The DWP has confirmed that it will save almost £1.1bn over the next five years from changes to the eligibility of Pension Credit for couples where one partner is below state pension age.

From the 15th of May, the option of claiming these benefits will no longer be available to mixed age couples. Instead, couples will be able to access the pension age income-related benefits only when both partners have reached the qualifying age.

The government expects to save £45 million in 2019/20, rising to £385 million in 2023/24.

The DWP was accused of trying to 'sneak out' the changes late on the evening of 14th January whilst attention was focused on Brexit votes.

Tom McPhail, head of policy at Hargreaves Lansdown, commented: “Given the very substantial savings involved for the government and the damaging impact this change will have on some household incomes, it is hardly surprising they didn’t want to draw attention to it.

“Increasing areas of government policy are out of kilter with our ageing society and the way our behaviour is changing.

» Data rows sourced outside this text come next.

lemma continuous_on_pgf:
  assumes "\<And>k. 0 \<le> c k" "summable c"
  shows "continuous_on {0..1} (pgf c)"
proof -
  have limit: "uniform_limit {0..1} (\<lambda>n q. \<Sum>k<n. c k * q ^ k) (pgf c) sequentially"
    unfolding pgf_def[abs_def]
    by (rule Weierstrass_m_test[OF _ assms(2)])
       (use assms in \<open>auto simp: abs_mult mult_left_le power_le_one\<close>)
  show ?thesis
    by (rule uniform_limit_theorem[OF _ limit]) (auto intro!: always_eventually continuous_intros)
qed

lemma pgf_has_field_derivative:
  assumes "summable c" "\<bar>q\<bar> < 1"
  obtains D where "(pgf c has_field_derivative D) (at q)"
proof -
  have "ereal (norm (1::real)) \<le> conv_radius c"
    by (rule conv_radius_geI) (use assms(1) in simp)
  moreover have "ereal (norm q) < ereal (norm (1::real))"
    using assms(2) by simp
  ultimately have "ereal (norm q) < conv_radius c"
    by order
  from has_field_derivative_powser[OF this] that show ?thesis
    unfolding pgf_def[abs_def] by blast
qed

lemma series_form_intro:
  assumes "\<And>k. 0 \<le> e k" "e 0 = 0"
    and "\<And>q. 0 \<le> q \<Longrightarrow> q \<le> 1 \<Longrightarrow> (\<lambda>k. e k * q ^ k) sums S q" "S 1 = 1"
    and "\<And>p. p \<in> {0<..<1} \<Longrightarrow> F p = 1 - S (1 - p)"
  shows "series_form F e"
  unfolding series_form_def
proof (intro conjI allI ballI)
  show "e sums 1"
    using assms(3)[of 1] assms(4) by simp
  fix p :: real
  assume p: "p \<in> {0<..<1}"
  then have "(\<lambda>k. e k * (1 - p) ^ k) sums S (1 - p)"
    by (intro assms(3)) auto
  then show "F p = 1 - (\<Sum>k. e k * (1 - p) ^ k)"
    using assms(5)[OF p] by (simp add: sums_iff)
qed (use assms in auto)

lemma series_form_tendsto_0:
  assumes "series_form F c"
  shows "(F \<longlongrightarrow> 0) (at_right 0)"
proof -
  have c: "\<And>k. 0 \<le> c k" "c sums 1" "\<forall>p\<in>{0<..<1}. F p = 1 - pgf c (1 - p)"
    using assms by (auto simp: series_form_pgf)
  have "continuous_on {0..1} (\<lambda>p. 1 - pgf c (1 - p))"
    by (intro continuous_intros continuous_on_compose2[OF continuous_on_pgf])
       (use c in \<open>auto simp: sums_iff\<close>)
  then have "((\<lambda>p. 1 - pgf c (1 - p)) \<longlongrightarrow> 1 - pgf c 1) (at_right 0)"
    by (auto simp: continuous_on_def at_within_Icc_at_right dest: bspec[of _ _ 0])
  moreover have "pgf c 1 = 1"
    using c(2) by (simp add: pgf_def sums_iff)
  moreover have "eventually (\<lambda>p. 1 - pgf c (1 - p) = F p) (at_right 0)"
    unfolding eventually_at_right_field using c(3) by (intro exI[of _ 1]) auto
  ultimately show ?thesis
    by (auto dest: tendsto_cong[THEN iffD1, rotated])
qed

lemma series_form_differentiable:
  assumes "series_form F c" "p \<in> {0<..<1}"
  shows "F differentiable (at p)"
proof -
  have c: "summable c" "\<forall>p\<in>{0<..<1}. F p = 1 - pgf c (1 - p)"
    using assms(1) by (auto simp: series_form_pgf sums_iff)
  from assms(2) have "\<bar>1 - p\<bar> < 1"
    by auto
  then obtain D where "(pgf c has_field_derivative D) (at (1 - p))"
    by (rule pgf_has_field_derivative[OF c(1)])
  then have "((\<lambda>x. 1 - pgf c (1 - x)) has_field_derivative D) (at p)"
    by (auto intro!: derivative_eq_intros DERIV_chain2[where g = "\<lambda>x. 1 - x"])
  then have "(F has_field_derivative D) (at p)"
    by (rule has_field_derivative_transform_within_open[of _ _ _ "{0<..<1}"])
       (use assms(2) c(2) in auto)
  then show ?thesis
    unfolding differentiable_def has_field_derivative_def by blast
qed

definition conv :: "(nat \<Rightarrow> real) \<Rightarrow> (nat \<Rightarrow> real) \<Rightarrow> nat \<Rightarrow> real" where
  "conv a b k = (\<Sum>i\<le>k. a i * b (k - i))"

fun conv_power :: "(nat \<Rightarrow> real) \<Rightarrow> nat \<Rightarrow> nat \<Rightarrow> real" where
  "conv_power a 0 = (\<lambda>k. if k = 0 then 1 else 0)"
| "conv_power a (Suc j) = conv a (conv_power a j)"

lemma conv_nonneg: "(\<And>k. 0 \<le> a k) \<Longrightarrow> (\<And>k. 0 \<le> b k) \<Longrightarrow> 0 \<le> conv a b k"
  by (simp add: conv_def sum_nonneg)

lemma conv_power_nonneg: "(\<And>k. 0 \<le> a k) \<Longrightarrow> 0 \<le> conv_power a j k"
  by (induction j arbitrary: k) (auto intro!: conv_nonneg)

lemma conv_at_0 [simp]: "conv a b 0 = a 0 * b 0"
  by (simp add: conv_def)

Arbitrary cliff edge eligibility ages make less and less sense when increasing numbers of people are working on well into their 70s. Treasury tax policy on pensions is now badly in need of reform; the National Insurance rules and social care policy should be addressed too. Unfortunately the House of Commons doesn’t seem to have time for anything other than Brexit at the moment.

“It is perhaps telling the DWP has contextualised its announcement today by including in its statement data relating to the department’s total annual expenditure, which amounts to over £120 billion a year. In that context, £1 billion may seem like a small sum. Nevertheless the impact on individuals and their household spending will amount to hundreds or even thousands of pounds a year and for some it could present real problems.”